Winter will be here before you know it, and now’s the perfect time to prepare your car for poor driving conditions caused by snow, slush, and ice. Check these car care to-dos off your list for a safe drive all season long:
- Replace worn wiper blades. Next time it rains, if you notice areas of your windshield that stay wet after being wiped, replace your wiper blades — they may be worn out, and you’ll want them working well in the winter. Even if your wipers are in decent condition, you could consider swapping them with heavier, winter-specific ones that will wipe away ice and snow more easily.
- Top up your windshield washer fluid with a de-icing formula. Regular washer fluid can freeze in its tank or when you spray it onto your windshield on a chilly day. Consider picking up a winter-specific windshield washer formula instead, and always keep an extra bottle in your trunk.
- Get an oil change. If you’re almost due for an oil change, get it done now to save you a trip to the mechanic over the winter months.
- Check your brakes. When the roads are covered in snow and ice, stopping takes extra care. Make sure your brake pads are in good shape and top up your brake fluid — and don’t forget to leave lots of extra space between your car and the one in front of you when the roads are wet or icy.
- Test your heat and defrost systems. Turn on the heat in your vehicle and make sure it gets nice and toasty. If you suspect it’s not getting as warm as it should, consider having the system inspected. You could also remove and clean your air filter to make sure your heating system runs as efficiently as possible.
- Swap your all-season tires for winter tires. All-season tires can stiffen and start losing their elasticity as the temperature drops, which can lead to decreased traction. Winter tires, on the other hand, are designed to stay flexible even in extremely chilly weather, so you’ll get a better grip on slippery streets. Installing winter tires could also qualify you for a discount on car insurance.

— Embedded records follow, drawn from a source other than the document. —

(* Let $h:\mathbb{R}\to\mathbb{R}$ be a smooth function that is flat at $0$ (all derivatives vanish at $0$, and $h(0)=0$) and positive everywhere else, such that the vector field $\xi=h\,\partial/\partial x$ is complete (e.g. $h(x)=e^{-1/x^2}$ for $x\neq0$, $h(0)=0$). Let $\psi:\mathbb{R}\to\mathbb{R}$ be the time-one flow of $\xi$, and let $\hat\psi(x)=\psi(x)$ for $x\ge0$ and $\hat\psi(x)=\psi^{-1}(x)$ for $x<0$. Let $G$ be a copy of $\mathbb{Z}$ acting on $\mathbb{R}$ with generator acting by $\psi$, and $H$ a copy of $\mathbb{Z}$ acting on $\mathbb{R}$ with generator acting by $\hat\psi$; these actions have the same orbits, so $\mathbb{R}/G=\mathbb{R}/H$. Then the identity map of this orbit space does not lift to an invertible (biprincipal) bibundle between the action groupoids $G\ltimes\mathbb{R}$ and $H\ltimes\mathbb{R}$; moreover, these action groupoids are not Morita equivalent.
   Context: For a group $K$ acting on a manifold $M$, the action groupoid $K\ltimes M$ has arrows $K\times M$, base $M$, $s(k,x)=x$, $t(k,x)=kx$. A bibundle $P:G\to H$ between Lie groupoids is a manifold with a left $G$-action along $a:P\to G_0$ and commuting right $H$-action along $a':P\to H_0$ such that $a'$ is $G$-invariant and $a$ is a principal $H$-bundle (an $H$-invariant surjective submersion with $(p,h)\mapsto(p,ph)$ a diffeomorphism $P\times_{a',t}H\to P\times_{G_0}P$). It is invertible (biprincipal) if $a'$ is also a principal $G$-bundle; it lifts a map $f:|G|\to|H|$ of orbit spaces if $f([a(p)])=[a'(p)]$ for all $p$. Two Lie groupoids are Morita equivalent if there is an invertible bibundle between them. *)

theory Defs
  imports "HOL-Analysis.Analysis"
begin

definition dirderiv :: "('a::real_normed_vector \<Rightarrow> 'b::real_normed_vector) \<Rightarrow> 'a \<Rightarrow> 'a \<Rightarrow> 'b" where
  "dirderiv f v x = vector_derivative (\<lambda>t::real. f (x + t *\<^sub>R v)) (at 0)"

- Check your battery. Cold winter weather makes it tougher for your battery to get your engine running, so have it tested to make sure there’s no corrosion on the terminals, the cables are in good shape, and there’s enough energy to keep you going all winter long.
- Flash your lights. Do a circle check to make sure all of your lights (including brake lights, daytime running lights, headlights, turn signals, and high-beams) are working.
- Prepare your winter driving emergency kit. No matter how carefully you drive, a snowy street can have a mind of its own, and you may find yourself needing to take cover and wait out a storm in your vehicle. Stay safe and warm by keeping a well-stocked emergency kit in your car.
- Go for a winter tune-up. If you think this sounds like a lot of things to get done in a short time, fear not — you might be surprised to find out how many of the items on this list can be taken care of in one visit to your dealership or a qualified mechanic. A winter tune-up will likely cover most of them, plus a check of your fluids (e.g., coolant, brake fluid, power steering fluid), an inspection of your engine and exhaust system, and tests for electronic components like sensors.
Before you get out on the road this winter, reach out to your car insurance broker to make sure you’ll be covered all season long. And remember, when it comes to driving in snowy and icy conditions, slow and steady wins the race.